**TASK TO CARRY OUT**.
Check each line of the data below for the string "lifts", then report how many lines have it and nothing else.

══ DATA PROVIDED

(* Let $a,b$ be coprime positive integers, $q=a/b$, and let $\mathbf m=(m_0,\dots,m_k)$ and $\mathbf n=(n_0,\dots,n_l)$ be paths for $q$ with $c(q,\mathbf m)=c(q,\mathbf n)$. Write $a\,c(q,\mathbf m_j)=u_j/v_j$ ($j=0,\dots,k-1$) and $a\,c(q,\mathbf n_j)=x_j/y_j$ ($j=0,\dots,l-1$) as reduced fractions, and let $N$ be a positive integer with $u_j\mid N$ for $j=0,\dots,k-1$ and $x_j\mid N$ for $j=0,\dots,l-1$. If $k\ne l$, then $w_{q'}$ is not unique for every $q'=a/b'$ with $b'$ a positive integer such that $b'\equiv\pm b\pmod N$ and $b'\ne\big(w_q(\mathbf m)/w_q(\mathbf n)\big)^{2/(k-l)}b$. If $k=l$ and $w_q(\mathbf m)\ne w_q(\mathbf n)$, then $w_{q'}$ is not unique for every $q'=a/b'$ with $b'$ a positive integer such that $b'\equiv\pm b\pmod N$.
   Context: For $q>0$, $k\ge0$ and $\mathbf m=(m_0,\dots,m_k)\in\mathbb Z^{k+1}$ put $\mathbf m_j=(m_0,\dots,m_j)$; define $c(q,\mathbf m_0)=m_0$ and $c(q,\mathbf m_j)=m_j+\frac{1}{q\,c(q,\mathbf m_{j-1})}$ for $1\le j\le k$. $\mathbf m$ is a path for $q$ of length $k$ if $c(q,\mathbf m_j)\ne0$ for $0\le j\le k-1$. The weight is $w_q(\mathbf m)=q^{k/2}\prod_{j=0}^{k-1}|c(q,\mathbf m_j)|$ (and $1$ if $k=0$). The weight $w_q$ is unique if $w_q(\mathbf m)=w_q(\mathbf n)$ for all paths $\mathbf m,\mathbf n$ for $q$ with $c(q,\mathbf m)=c(q,\mathbf n)$. *)

theory Defs
  imports Complex_Main "HOL-Number_Theory.Cong"
begin

text \<open>A path (m_0,...,m_k) is represented by the nonempty integer list [m_0,...,m_k];
  its length k is (length m - 1). The prefix m_j is take (Suc j) m.\<close>

definition cval :: "real \<Rightarrow> int list \<Rightarrow> real" where
  "cval q ms = foldl (\<lambda>c m. real_of_int m + 1 / (q * c)) (real_of_int (hd ms)) (tl ms)"

definition plen :: "int list \<Rightarrow> nat" where
  "plen ms = length ms - 1"

definition is_path :: "real \<Rightarrow> int list \<Rightarrow> bool" where
  "is_path q ms \<longleftrightarrow> ms \<noteq> [] \<and> (\<forall>j < plen ms. cval q (take (Suc j) ms) \<noteq> 0)"

definition weight :: "real \<Rightarrow> int list \<Rightarrow> real" where
  "weight q ms = q powr (real (plen ms) / 2) * (\<Prod>j<plen ms. \<bar>cval q (take (Suc j) ms)\<bar>)"

definition weight_unique :: "real \<Rightarrow> bool" where
  "weight_unique q \<longleftrightarrow> (\<forall>ms ns. is_path q ms \<and> is_path q ns \<and> cval q ms = cval q ns
      \<longrightarrow> weight q ms = weight q ns)"

definition reduced_num_dvd :: "real \<Rightarrow> int \<Rightarrow> bool" where
  "reduced_num_dvd r N \<longleftrightarrow> (\<exists>u v. v > 0 \<and> coprime u v \<and> r = real_of_int u / real_of_int v \<and> u dvd N)"

end

theory Submission
  imports Defs
begin

text \<open>
  Let b' = e b + t N with e = +-1, and q' = a/b'. A path m for q = a/b lifts to a path m' for q'
  of the same length with c(q',m'_j) = s e^j c(q,m_j) for any fixed sign s: writing
  a c(q,m_j) = u/v with N = u K, the term 1/(q' c(q',m'_j)) differs from s e^(j+1)/(q c(q,m_j))
  by the integer s e^j t K v, which is absorbed into the next entry m'_(j+1).
  The lift keeps every |c|, so w_q'(m') = q'^(k/2) P(m) with P(m) the product of the |c(q,m_j)|.
  Choosing the signs of the lifts of m and n so that c(q',m') = c(q',n'), uniqueness of w_q'
  gives q'^(k/2) P(m) = q'^(l/2) P(n), hence w_q(m)/w_q(n) = (q/q')^((k-l)/2) = (b'/b)^((k-l)/2),
  which both alternatives of the theorem exclude.
\<close>

lemma cval_singleton [simp]: "cval q [m] = m"
  by (simp add: cval_def)

lemma cval_snoc: "ms \<noteq> [] \<Longrightarrow> cval q (ms @ [m]) = m + 1 / (q * cval q ms)"
  by (cases ms) (simp_all add: cval_def)

lemma is_path_snoc:
  assumes "ms \<noteq> []"
  shows "is_path q (ms @ [m]) \<longleftrightarrow> is_path q ms \<and> cval q ms \<noteq> 0"
proof -
  have "(\<forall>j < length ms. cval q (take (Suc j) ms) \<noteq> 0) \<longleftrightarrow>
        (\<forall>j < length ms - 1. cval q (take (Suc j) ms) \<noteq> 0) \<and>
        cval q ms \<noteq> 0"
  proof -
    obtain n where "length ms = Suc n"
      using assms by (cases ms) auto
    then show ?thesis
      by (auto simp: less_Suc_eq)
  qed
  then show ?thesis
    using assms by (simp add: is_path_def plen_def)
qed

definition path_prod :: "real \<Rightarrow> int list \<Rightarrow> real" where
  "path_prod q ms = (\<Prod>j<plen ms. \<bar>cval q (take (Suc j) ms)\<bar>)"

lemma weight_eq_path_prod: "weight q ms = q powr (plen ms / 2) * path_prod q ms"
  by (simp add: weight_def path_prod_def)

lemma path_prod_pos: "is_path q ms \<Longrightarrow> path_prod q ms > 0"
  unfolding is_path_def path_prod_def by (intro prod_pos) auto

lemma cval_lift_step:
  fixes a b b' e s t u v K m :: int and c :: real
  assumes "a \<noteq> 0" "b \<noteq> 0" "b' \<noteq> 0" "u \<noteq> 0" "v \<noteq> 0"
    and "\<bar>e\<bar> = 1" "\<bar>s\<bar> = 1" "b' = e * b + t * (u * K)" "a * c = u / v"
  shows "real_of_int (s * e ^ Suc j * m - s * e ^ j * t * K * v) + 1 / (a / b' * (s * e ^ j * c))
     = s * e ^ Suc j * (m + 1 / (a / b * c))"
proof -
  have c: "c = u / (a * v)"
    using assms(1,5,9) by (simp add: field_simps)
  have "\<bar>e ^ j\<bar> = 1"
    using assms(6) by (simp add: power_abs)
  then have "e ^ j = 1 \<or> e ^ j = -1" "e = 1 \<or> e = -1" "s = 1 \<or> s = -1"
    using assms(6,7) by arith+
  then show ?thesis
    using assms(1-5) unfolding c assms(8) by (auto simp: field_simps)
qed

lemma path_lift_prefixes:
  fixes a b b' e s t N :: int
  assumes "a > 0" "b > 0" "b' > 0" "\<bar>e\<bar> = 1" "\<bar>s\<bar> = 1"
    and b': "b' = e * b + t * N"
  shows "is_path (a / b) ms \<Longrightarrow>
    \<forall>j < plen ms. reduced_num_dvd (a * cval (a / b) (take (Suc j) ms)) N \<Longrightarrow>
    \<exists>ms'. length ms' = length ms \<and>
      (\<forall>j < length ms.
        cval (a / b') (take (Suc j) ms') = s * e ^ j * cval (a / b) (take (Suc j) ms))"
proof (induction ms rule: rev_induct)
  case Nil
  then show ?case
    by (simp add: is_path_def)
next
  case (snoc m ms)
  show ?case
  proof (cases "ms = []")
    case True
    then show ?thesis
      by (intro exI[of _ "[s * m]"]) simp
  next
    case False
    obtain p where p: "length ms = Suc p"
      using False by (cases ms) auto
    have prefix: "take (Suc j) (ms @ [m]) = take (Suc j) ms" if "j < length ms" for j
      using that by simp
    have path: "is_path (a / b) ms" and c_nz: "cval (a / b) ms \<noteq> 0"
      using snoc.prems(1) is_path_snoc[OF False] by auto
    have "\<forall>j < plen ms. reduced_num_dvd (a * cval (a / b) (take (Suc j) ms)) N"
      using snoc.prems(2) prefix by (simp add: plen_def p)
    then obtain ms' where ms': "length ms' = length ms"
      "\<forall>j < length ms.
        cval (a / b') (take (Suc j) ms') = s * e ^ j * cval (a / b) (take (Suc j) ms)"
      using snoc.IH path by blast
    have "reduced_num_dvd (a * cval (a / b) ms) N"
      using snoc.prems(2) prefix[of p] by (auto simp: plen_def p dest: spec[of _ p])
    then obtain u v :: int where uv: "v > 0" "a * cval (a / b) ms = u / v" "u dvd N"
      unfolding reduced_num_dvd_def by blast
    have "u \<noteq> 0"
      using uv(2) c_nz \<open>a > 0\<close> by auto
    obtain K where K: "N = u * K"
      using uv(3) by blast
    have cval_ms': "cval (a / b') ms' = s * e ^ p * cval (a / b) ms"
      using ms' p by (metis lessI take_all_iff order_refl)
    define m' where "m' = s * e ^ Suc p * m - s * e ^ p * t * K * v"
    have "cval (a / b') (ms' @ [m']) = m' + 1 / (a / b' * (s * e ^ p * cval (a / b) ms))"
      using cval_snoc[of ms' "a / b'" m'] ms'(1) p
      by (simp add: cval_ms' flip: length_greater_0_conv)
    also have "\<dots> = s * e ^ Suc p * (m + 1 / (a / b * cval (a / b) ms))"
      unfolding m'_def
      using \<open>a > 0\<close> \<open>b > 0\<close> \<open>b' > 0\<close> \<open>u \<noteq> 0\<close> uv(1) assms(4,5) b' K
      by (intro cval_lift_step[OF _ _ _ _ _ _ _ _ uv(2)]) auto
    also have "\<dots> = s * e ^ Suc p * cval (a / b) (ms @ [m])"
      using False by (simp add: cval_snoc)
    finally have step: "cval (a / b') (ms' @ [m']) = s * e ^ Suc p * cval (a / b) (ms @ [m])" .
    show ?thesis
    proof (intro exI[of _ "ms' @ [m']"] conjI allI impI)
      fix j
      assume "j < length (ms @ [m])"
      then consider "j < length ms" | "j = Suc p"
        using p by fastforce
      then show "cval (a / b') (take (Suc j) (ms' @ [m']))
          = s * e ^ j * cval (a / b) (take (Suc j) (ms @ [m]))"
        by cases (use ms' step p in simp_all)
    qed (use ms' in simp)
  qed
qed

lemma path_lift:
  fixes a b b' e s t N :: int
  assumes "a > 0" "b > 0" "b' > 0" "\<bar>e\<bar> = 1" "\<bar>s\<bar> = 1" "b' = e * b + t * N"
    and path: "is_path (a / b) ms"
    and "\<forall>j < plen ms. reduced_num_dvd (a * cval (a / b) (take (Suc j) ms)) N"
  obtains ms' where "is_path (a / b') ms'" "plen ms' = plen ms"
    "cval (a / b') ms' = s * e ^ plen ms * cval (a / b) ms"
    "path_prod (a / b') ms' = path_prod (a / b) ms"
proof -
  obtain ms' where len: "length ms' = length ms" and ms':
    "\<forall>j < length ms.
      cval (a / b') (take (Suc j) ms') = s * e ^ j * cval (a / b) (take (Suc j) ms)"
    using path_lift_prefixes[OF assms] by blast
  have unit: "\<bar>real_of_int (s * e ^ j)\<bar> = 1" for j
  proof -
    have "\<bar>s * e ^ j\<bar> = 1"
      using assms(4,5) by (simp add: abs_mult power_abs)
    then show ?thesis
      by (metis of_int_1 of_int_abs)
  qed
  have "ms \<noteq> []"
    using path by (simp add: is_path_def)
  then have "ms' \<noteq> []"
    and whole: "take (Suc (plen ms)) ms = ms" "take (Suc (plen ms)) ms' = ms'"
    using len by (auto simp: plen_def)
  have "cval (a / b') (take (Suc j) ms') \<noteq> 0" if "j < plen ms" for j
  proof -
    have "cval (a / b) (take (Suc j) ms) \<noteq> 0" and "j < length ms"
      using that path by (auto simp: is_path_def plen_def)
    then show ?thesis
      using ms' unit[of j] by (metis abs_zero mult_eq_0_iff zero_neq_one)
  qed
  then have "is_path (a / b') ms'"
    using \<open>ms' \<noteq> []\<close> len by (simp add: is_path_def plen_def)
  moreover have "cval (a / b') ms' = s * e ^ plen ms * cval (a / b) ms"
    using ms'[rule_format, of "plen ms"] whole \<open>ms \<noteq> []\<close> by (simp add: plen_def)
  moreover have "path_prod (a / b') ms' = path_prod (a / b) ms"
    unfolding path_prod_def plen_def len
    by (intro prod.cong refl) (use ms' unit in \<open>simp add: abs_mult\<close>)
  ultimately show thesis
    using that len by (simp add: plen_def)
qed

lemma powr_ratio_rescale:
  fixes Q Q' P P' x y :: real
  assumes "Q > 0" "Q' > 0" "P' \<noteq> 0" "Q' powr x * P = Q' powr y * P'"
  shows "(Q powr x * P) / (Q powr y * P') = (Q / Q') powr (x - y)"
proof -
  have "P = Q' powr (y - x) * P'"
    using assms(2,4) by (simp add: powr_diff field_simps)
  then show ?thesis
    using assms(1-3) by (simp add: powr_diff powr_divide field_simps)
qed

lemma weight_ratio_if_weight_unique:
  fixes a b b' N :: int
  assumes "a > 0" "b > 0" "b' > 0" "[b' = b] (mod N) \<or> [b' = - b] (mod N)"
    and paths: "is_path (a / b) ms" "is_path (a / b) ns" "cval (a / b) ms = cval (a / b) ns"
    and "\<forall>j < plen ms. reduced_num_dvd (a * cval (a / b) (take (Suc j) ms)) N"
    and "\<forall>j < plen ns. reduced_num_dvd (a * cval (a / b) (take (Suc j) ns)) N"
    and "weight_unique (a / b')"
  shows "weight (a / b) ms / weight (a / b) ns
    = (b' / b) powr ((real (plen ms) - real (plen ns)) / 2)"
proof -
  obtain e :: int where e: "\<bar>e\<bar> = 1" and "[e * b = b'] (mod N)"
  proof (cases "[b' = b] (mod N)")
    case True
    then show thesis
      using that[of 1] by (simp add: cong_sym_eq)
  next
    case False
    then show thesis
      using that[of "- 1"] assms(4) by (simp add: cong_sym_eq)
  qed
  then obtain t where b': "b' = e * b + t * N"
    unfolding cong_iff_lin by (auto simp: mult.commute)
  define k l where "k = plen ms" and "l = plen ns"
  have "\<bar>e ^ (k + l)\<bar> = 1" "\<bar>e ^ l\<bar> = 1"
    using e by (simp_all add: power_abs)
  obtain ms' where ms': "is_path (a / b') ms'" "plen ms' = k"
      "cval (a / b') ms' = e ^ k * cval (a / b) ms" "path_prod (a / b') ms' = path_prod (a / b) ms"
    using path_lift[of a b b' e 1, OF assms(1-3) e _ b' paths(1) assms(8)] k_def by auto
  obtain ns' where ns': "is_path (a / b') ns'" "plen ns' = l"
      "cval (a / b') ns' = e ^ (k + l) * e ^ l * cval (a / b) ns"
      "path_prod (a / b') ns' = path_prod (a / b) ns"
    using path_lift[OF assms(1-3) e \<open>\<bar>e ^ (k + l)\<bar> = 1\<close> b' paths(2) assms(9)] l_def
    by auto
  have "e ^ (k + l) * e ^ l = e ^ k * (e ^ l) ^ 2"
    by (simp add: power_add power2_eq_square)
  also have "(e ^ l) ^ 2 = 1"
    using \<open>\<bar>e ^ l\<bar> = 1\<close> by (metis power2_abs power_one)
  finally have "cval (a / b') ms' = cval (a / b') ns'"
    using ms'(3) ns'(3) paths(3) by simp
  then have "weight (a / b') ms' = weight (a / b') ns'"
    using assms(10) ms'(1) ns'(1) unfolding weight_unique_def by blast
  then have "(a / b') powr (k / 2) * path_prod (a / b) ms
      = (a / b') powr (l / 2) * path_prod (a / b) ns"
    using ms' ns' by (simp add: weight_eq_path_prod)
  then have "weight (a / b) ms / weight (a / b) ns = ((a / b) / (a / b')) powr (k / 2 - l / 2)"
    unfolding weight_eq_path_prod k_def l_def
    using path_prod_pos[OF paths(2)] assms(1-3)
    by (intro powr_ratio_rescale) (auto simp: k_def l_def)
  also have "(a / b) / (a / b') = b' / b"
    using assms(1) by simp
  finally show ?thesis
    by (simp add: k_def l_def diff_divide_distrib)
qed

theorem corollary6:
  fixes a b N :: int and ms ns :: "int list"
  assumes "a > 0" "b > 0" "coprime a b"
    and "is_path (a / b) ms" "is_path (a / b) ns"
    and "cval (a / b) ms = cval (a / b) ns"
    and "N > 0"
    and "\<forall>j < plen ms. reduced_num_dvd (a * cval (a / b) (take (Suc j) ms)) N"
    and "\<forall>j < plen ns. reduced_num_dvd (a * cval (a / b) (take (Suc j) ns)) N"
  shows "(plen ms \<noteq> plen ns \<longrightarrow>
           (\<forall>b' :: int. b' > 0 \<and> ([b' = b] (mod N) \<or> [b' = - b] (mod N))
              \<and> real_of_int b' \<noteq> (weight (a / b) ms / weight (a / b) ns)
                    powr (2 / (real (plen ms) - real (plen ns))) * b
              \<longrightarrow> \<not> weight_unique (a / b')))
       \<and> (plen ms = plen ns \<and> weight (a / b) ms \<noteq> weight (a / b) ns \<longrightarrow>
           (\<forall>b' :: int. b' > 0 \<and> ([b' = b] (mod N) \<or> [b' = - b] (mod N))
              \<longrightarrow> \<not> weight_unique (a / b')))"
proof -
  have ratio: "weight (a / b) ms / weight (a / b) ns
      = (b' / b) powr ((real (plen ms) - real (plen ns)) / 2)"
    if "b' > 0" "[b' = b] (mod N) \<or> [b' = - b] (mod N)" "weight_unique (a / b')" for b' :: int
    using weight_ratio_if_weight_unique that assms(1,2,4-6,8,9) by blast
  show ?thesis
  proof (intro conjI impI allI notI; elim conjE)
    fix b' :: int
    define d where "d = real (plen ms) - real (plen ns)"
    assume "plen ms \<noteq> plen ns" "b' > 0" "[b' = b] (mod N) \<or> [b' = - b] (mod N)"
      and b'_ne: "real_of_int b' \<noteq> (weight (a / b) ms / weight (a / b) ns)
                    powr (2 / (real (plen ms) - real (plen ns))) * b"
      and "weight_unique (a / b')"
    then have "(weight (a / b) ms / weight (a / b) ns) powr (2 / d)
        = (b' / b) powr (d / 2 * (2 / d))"
      using ratio by (simp add: d_def powr_powr)
    also have "d / 2 * (2 / d) = 1"
      using \<open>plen ms \<noteq> plen ns\<close> by (simp add: d_def)
    also have "(b' / b) powr 1 = b' / b"
      using \<open>b' > 0\<close> \<open>b > 0\<close> by simp
    finally show False
      using b'_ne \<open>b > 0\<close> by (simp add: d_def)
  next
    fix b' :: int
    assume "plen ms = plen ns" "weight (a / b) ms \<noteq> weight (a / b) ns"
      and "b' > 0" "[b' = b] (mod N) \<or> [b' = - b] (mod N)" "weight_unique (a / b')"
    then show False
      using ratio \<open>b > 0\<close> by simp
  qed
qed

end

════

**EXPECTED ANSWER**.
2